Interpreting the Benefit and Risk Data in Between-Drug Comparisons: Illustration of the Challenges Using the Example of Mefenamic Acid versus Ibuprofen
Round 1
Reviewer 1 Report
Very interesting article
Author Response
We would like to thank reviewer #1 for reviewing our article and for his/her kind feedback. No change was requested by reviewer #1.
Reviewer 2 Report
Comments for author File: Comments.docx
Author Response
We would like to thank reviewer #2 for reviewing our article and for providing helpful comments. The idea of providing a risk assessment table to the readers is very important. Given the general conclusion of our article that an evidence-based recommendation on the choice between the drugs ibuprofen and mefenamic acid is not possible, we have opted for a step-by-step list of considerations that can guide clinicians when choosing an NSAID. This list has now been included as section 6, "Summary of considerations" and has a tabular format with steps 1 to 7 (Indication to be treated - Special populations - Patient age - Comorbidities - Concomitant medications - Side effects - Other considerations) and includes comments on ibuprofen and mefenamic acid and, where appropriate, NSAIDs in general.

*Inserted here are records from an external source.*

lemma tree_partition_fixes_coord:
  assumes "0 < q" "j < n"
  obtains p where "p \<in> tree_partition q n {..<n} g m" "p ! j \<noteq> None"
proof -
  define w where "w = g j @ 0 # replicate (m - Suc (length (g j))) 0"
  have "w \<in> tree_leaves q m"
    using append_mem_tree_leaves tree_node_label assms unfolding w_def by blast
  moreover have "strict_prefix (g j) w" unfolding w_def by (rule strict_prefixI') simp
  ultimately have "tree_cube n {..<n} g w \<in> tree_partition q n {..<n} g m"
    "tree_cube n {..<n} g w ! j \<noteq> None"
    using assms(2) unfolding tree_partition_def by (simp_all add: nth_tree_cube)
  then show ?thesis using that by blast
qed

theorem aprim_partition_tree_partition:
  assumes "0 < q"
  shows "aprim_partition q n m (tree_partition q n {..<n} g m)"
  unfolding aprim_partition_def
proof (intro conjI ballI allI impI)
  fix p assume "p \<in> tree_partition q n {..<n} g m"
  then obtain w where w: "w \<in> tree_leaves q m" "p = tree_cube n {..<n} g w"
    unfolding tree_partition_def by blast
  then show "is_subcube_pat q n p" "cube_dim p + m = n"
    using is_subcube_pat_tree_cube cube_dim_tree_cube by simp_all
next
  show "card (tree_partition q n {..<n} g m) = q ^ m" by (rule card_tree_partition)
next
  fix x assume "x \<in> Zq_vecs q n"
  then show "\<exists>!p. p \<in> tree_partition q n {..<n} g m \<and> x \<in> cube_set q p"
    by (rule tree_partition_unique_cover)
next
  fix j assume "j < n"
  then show "\<exists>p\<in>tree_partition q n {..<n} g m. p ! j \<noteq> None"
    using tree_partition_fixes_coord[OF assms] by metis
qed

end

We have also extended our section on drug-drug interactions with a focus on the elderly patient, where this issue is most relevant. We have also made reference to the most recent (2019) guidelines of the American Geriatrics Society that focusses on potentially inappropriate medications in the elderly population.
We are uploading the track-changes version of the revised article for your reference. With best wishes, André Farkouh on behalf of the authors.

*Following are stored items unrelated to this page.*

lemma tail_le_affine_of_mean:
  fixes f :: "nat \<Rightarrow> real" and B k m :: nat and \<tau> :: real
  assumes f0: "\<And>i. i \<le> B \<Longrightarrow> 0 \<le> f i" and s1: "(\<Sum>i\<le>B. f i) = 1"
    and mk: "m < k" and kB: "k \<le> B"
    and up: "\<And>i j. i \<le> j \<Longrightarrow> j \<le> m \<Longrightarrow> f i \<le> f j"
    and down: "\<And>i j. m \<le> i \<Longrightarrow> i \<le> j \<Longrightarrow> j \<le> B \<Longrightarrow> f j \<le> f i"
    and dom: "\<And>b. k \<le> b \<Longrightarrow> b \<le> B \<Longrightarrow> real b - real k + 1 \<le> \<tau> * ((real b + 1) * (real b - real m))"
  shows "(\<Sum>i=k..B. f i) \<le> \<tau> * (2 * (\<Sum>i\<le>B. real i * f i) - real m)"
proof -
  define w where "w i = \<tau> * (2 * real i - real m) - (if k \<le> i then 1 else 0)" for i
  have "0 < \<tau> * ((real k + 1) * (real k - real m))" "0 < (real k + 1) * (real k - real m)"
    using dom[of k] kB mk by auto
  then have "0 < \<tau>" by (rule zero_less_mult_pos2)
  then have "0 \<le> (\<Sum>i=a..b. w i)" if "a \<le> m" "m \<le> b" "b \<le> B" for a b
    unfolding w_def using that mk dom[of b] by (intro affine_weight_interval_sum_nonneg) auto
  then have "0 \<le> (\<Sum>i=0..B. w i * f i)"
    using f0 up down kB mk by (intro sum_mult_unimodal_nonneg[of 0 m]) auto
  also have "(\<Sum>i=0..B. w i * f i) = \<tau> * (2 * (\<Sum>i\<le>B. real i * f i) - real m) - (\<Sum>i=k..B. f i)"
  proof -
    have "w i * f i = 2 * \<tau> * (real i * f i) - \<tau> * real m * f i - (if k \<le> i then f i else 0)" for i
      by (simp add: w_def algebra_simps)
    then have "(\<Sum>i=0..B. w i * f i) = (\<Sum>i\<le>B. 2 * \<tau> * (real i * f i)) - (\<Sum>i\<le>B. \<tau> * real m * f i)
        - (\<Sum>i\<le>B. if k \<le> i then f i else 0)"
      by (simp only: atLeast0AtMost sum_subtractf)
    moreover have "(\<Sum>i\<le>B. if k \<le> i then f i else 0) = (\<Sum>i=k..B. f i)"
      using sum_atMost_split[OF kB, of "\<lambda>i. if k \<le> i then f i else 0"] by simp
    ultimately show ?thesis
      using s1 by (simp only: mult.assoc sum_distrib_left[symmetric]) (simp add: algebra_simps)
  qed
  finally show ?thesis by simp
qed

lemma tail_mult_le_sum:
  fixes f :: "nat \<Rightarrow> real"
  assumes "\<And>i. i \<le> B \<Longrightarrow> 0 \<le> f i"
  shows "real k * (\<Sum>i=k..B. f i) \<le> (\<Sum>i=k..B. real i * f i)"
  unfolding sum_distrib_left using assms by (intro sum_mono mult_right_mono) auto

lemma markov_sum:
  fixes f :: "nat \<Rightarrow> real"
  assumes f0: "\<And>i. i \<le> B \<Longrightarrow> 0 \<le> f i" and kB: "k \<le> B"
  shows "real k * (\<Sum>i=k..B. f i) \<le> (\<Sum>i\<le>B. real i * f i)"
proof -
  have "real k * (\<Sum>i=k..B. f i) \<le> (\<Sum>i=k..B. real i * f i)"
    using f0 by (rule tail_mult_le_sum)
  moreover have "0 \<le> (\<Sum>i<k. real i * f i)"
    using f0 kB by (intro sum_nonneg mult_nonneg_nonneg) auto
  ultimately show ?thesis
    using sum_atMost_split[OF kB, of "\<lambda>i. real i * f i"] by linarith
qed

lemma tail_bound_increasing_prefix:
  fixes f :: "nat \<Rightarrow> real"
  assumes f0: "\<And>i. i \<le> B \<Longrightarrow> 0 \<le> f i" and s1: "(\<Sum>i\<le>B. f i) = 1" and kB: "k \<le> B"
    and up: "\<And>i j. i \<le> j \<Longrightarrow> j < k \<Longrightarrow> f i \<le> f j"
  shows "(real k + 1) * (\<Sum>i=k..B. f i) \<le> 2 * (\<Sum>i\<le>B. real i * f i) - real k + 1"
proof -
  define P where "P = (\<Sum>i=k..B. f i)"
  have "(\<Sum>i<k. f i) = 1 - P"
    using sum_atMost_split[OF kB, of f] s1 unfolding P_def by simp
  then have "(real k - 1) * (1 - P) \<le> 2 * (\<Sum>i<k. real i * f i)"
    using sum_index_mult_ge_of_increasing[of k f] up by simp
  moreover have "real k * P \<le> (\<Sum>i=k..B. real i * f i)"
    using f0 unfolding P_def by (rule tail_mult_le_sum)
  moreover have "(\<Sum>i\<le>B. real i * f i) = (\<Sum>i<k. real i * f i) + (\<Sum>i=k..B. real i * f i)"
    using sum_atMost_split[OF kB] .
  ultimately show ?thesis
    unfolding P_def[symmetric] by (simp add: algebra_simps)
qed

text \<open>\<open>(b - k + 1) / (b + 1)\<close> is the tail beyond \<open>k\<close> of the uniform distribution on \<open>{0..b}\<close>,
  whose mean is \<open>b / 2\<close>.\<close>

lemma uniform_tail_bound_of_mean_le:
  fixes b k m M P :: real
  assumes "0 \<le> m" "m < b" "k \<le> b + 1" "2 * M \<le> b"
    and window: "(b + 1) * (b - m) * P \<le> (b - k + 1) * (2 * M - m)"
  shows "b * (b + 1) * P \<le> 2 * M * (b - k + 1)"
proof -
  have "b * (2 * M - m) \<le> (b - m) * (2 * M)"
    using assms(1,4) mult_right_mono[of "2 * M" b m] by (simp add: algebra_simps)
  then have "(b - k + 1) * (b * (2 * M - m)) \<le> (b - k + 1) * ((b - m) * (2 * M))"
    using assms(3) by (intro mult_left_mono) auto
  then have "b * ((b - k + 1) * (2 * M - m)) \<le> (b - m) * (2 * M * (b - k + 1))"
    by (simp only: mult_ac)
  moreover have "b * ((b + 1) * (b - m) * P) \<le> b * ((b - k + 1) * (2 * M - m))"
    using window assms(1,2) by (intro mult_left_mono) auto
  ultimately have "(b - m) * (b * (b + 1) * P) \<le> (b - m) * (2 * M * (b - k + 1))"
    by (simp add: algebra_simps)
  then show ?thesis using assms(2) by simp
qed

lemma prefix_tail_bound_of_mean_ge:
  fixes b k m M P :: real
  assumes "0 \<le> m" "m + 2 \<le> k" "k \<le> b" "b \<le> 2 * M"
    and window: "(b + 1) * (b - m) * P \<le> (b - k + 1) * (2 * M - m)"
  shows "(k + 1) * P \<le> 2 * M - k + 1"
proof -
  define C where "C = (b + 1) * (b - m) - (b - k + 1) * (k + 1)"
  have "(b - k + 1) * (k + 1) \<le> (b + 1) * (b - k + 2)"
  proof -
    have "(b + 1) * (b - k + 2) - (b - k + 1) * (k + 1) = (b + 1) + (b - k + 1) * (b - k)"
      by (simp add: algebra_simps)
    moreover have "0 \<le> (b - k + 1) * (b - k)" using assms by simp
    ultimately show ?thesis using assms by linarith
  qed
  moreover have "(b + 1) * (b - k + 2) \<le> (b + 1) * (b - m)"
    using assms by (intro mult_left_mono) auto
  ultimately have "0 \<le> C" unfolding C_def by linarith
  have "(2 * M - k + 1) * ((b + 1) * (b - m)) - (k + 1) * ((b - k + 1) * (2 * M - m))
      = (2 * M - b) * C + (b - k + 1) * (b - m) * (b - k)"
    unfolding C_def by (simp add: algebra_simps)
  moreover have "0 \<le> (2 * M - b) * C" using assms \<open>0 \<le> C\<close> by simp
  moreover have "0 \<le> (b - k + 1) * (b - m) * (b - k)" using assms by simp
  moreover have "(k + 1) * ((b + 1) * (b - m) * P) \<le> (k + 1) * ((b - k + 1) * (2 * M - m))"
    using window assms by (intro mult_left_mono) auto
  ultimately have "((b + 1) * (b - m)) * ((k + 1) * P) \<le> ((b + 1) * (b - m)) * (2 * M - k + 1)"
    by (simp add: algebra_simps)
  moreover have "0 < (b + 1) * (b - m)" using assms by simp
  ultimately show ?thesis by (simp only: mult_le_cancel_left_pos)
qed

lemma tail_bound_mode_below:
  fixes f :: "nat \<Rightarrow> real" and B k m :: nat
  assumes f0: "\<And>i. i \<le> B \<Longrightarrow> 0 \<le> f i" and s1: "(\<Sum>i\<le>B. f i) = 1"
    and mk: "m + 2 \<le> k" and kB: "k \<le> B"
    and up: "\<And>i j. i \<le> j \<Longrightarrow> j \<le> m \<Longrightarrow> f i \<le> f j"
    and down: "\<And>i j. m \<le> i \<Longrightarrow> i \<le> j \<Longrightarrow> j \<le> B \<Longrightarrow> f j \<le> f i"
  defines "M \<equiv> \<Sum>i\<le>B. real i * f i" and "P \<equiv> \<Sum>i=k..B. f i"
  shows "(real k + 1) * P \<le> 2 * M - real k + 1
    \<or> (\<exists>b. k \<le> b \<and> b \<le> B \<and> real b * (real b + 1) * P \<le> 2 * M * (real b - real k + 1))"
proof -
  txt \<open>The least slope \<open>\<tau>\<close> admissible in \<open>tail_le_affine_of_mean\<close> is \<open>g b\<close> for a maximiser \<open>b\<close>.\<close>
  define g where "g b = (real b - real k + 1) / ((real b + 1) * (real b - real m))" for b
  have fin: "finite (g ` {k..B})" "g ` {k..B} \<noteq> {}" using kB by auto
  obtain b where b: "k \<le> b" "b \<le> B" "g b = Max (g ` {k..B})"
    using Max_in[OF fin] by auto
  have "real b' - real k + 1 \<le> g b * ((real b' + 1) * (real b' - real m))" if "k \<le> b'" "b' \<le> B" for b'
  proof -
    have "g b' \<le> g b" using b(3) Max_ge[OF fin(1)] that by auto
    moreover have "0 < (real b' + 1) * (real b' - real m)" using that mk by simp
    ultimately show ?thesis unfolding g_def[of b'] by (simp add: divide_le_eq)
  qed
  then have "P \<le> g b * (2 * M - real m)"
    unfolding P_def M_def using mk by (intro tail_le_affine_of_mean[OF f0 s1 _ kB up down]) auto
  moreover have "0 < (real b + 1) * (real b - real m)" using b mk by simp
  ultimately have window: "(real b + 1) * (real b - real m) * P \<le> (real b - real k + 1) * (2 * M - real m)"
    by (simp add: g_def le_divide_eq mult_ac)
  show ?thesis
  proof (cases "2 * M \<le> real b")
    case True
    then show ?thesis
      using uniform_tail_bound_of_mean_le[OF _ _ _ True window] b mk by auto
  next
    case False
    then show ?thesis
      using prefix_tail_bound_of_mean_ge[OF _ _ _ _ window] b mk by simp
  qed
qed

Author Response File: Author Response.docx
Round 2
Reviewer 2 Report
The authors have addressed my comments. One minor typo correction in line 422: "and the thus" could be "and thus this". Besides that, I recommend to accept it.
Author Response
Thank you very much for your considerate review. We have now changed "and the thus" to "and there thus", so the full sentence now reads as follows: "Additionally, the number of concomitant medications increases with age and there thus is a risk of drug-drug interactions that can easily become complex and even unpredictable."
We have also corrected another minor typo and added "for NSAIDs" to the first step in the guiding Table 3 to show that the issue of country- and formulation-specific labels is not only an issue for ibuprofen and mefenamic acid but NSAIDs in general. Especially the older drugs have been approved in Europe on a country level and not through the EMA and generic formulations often do not seek the full spectrum of indications that the original drug has.
Thank you once again for your efforts and helpful comments!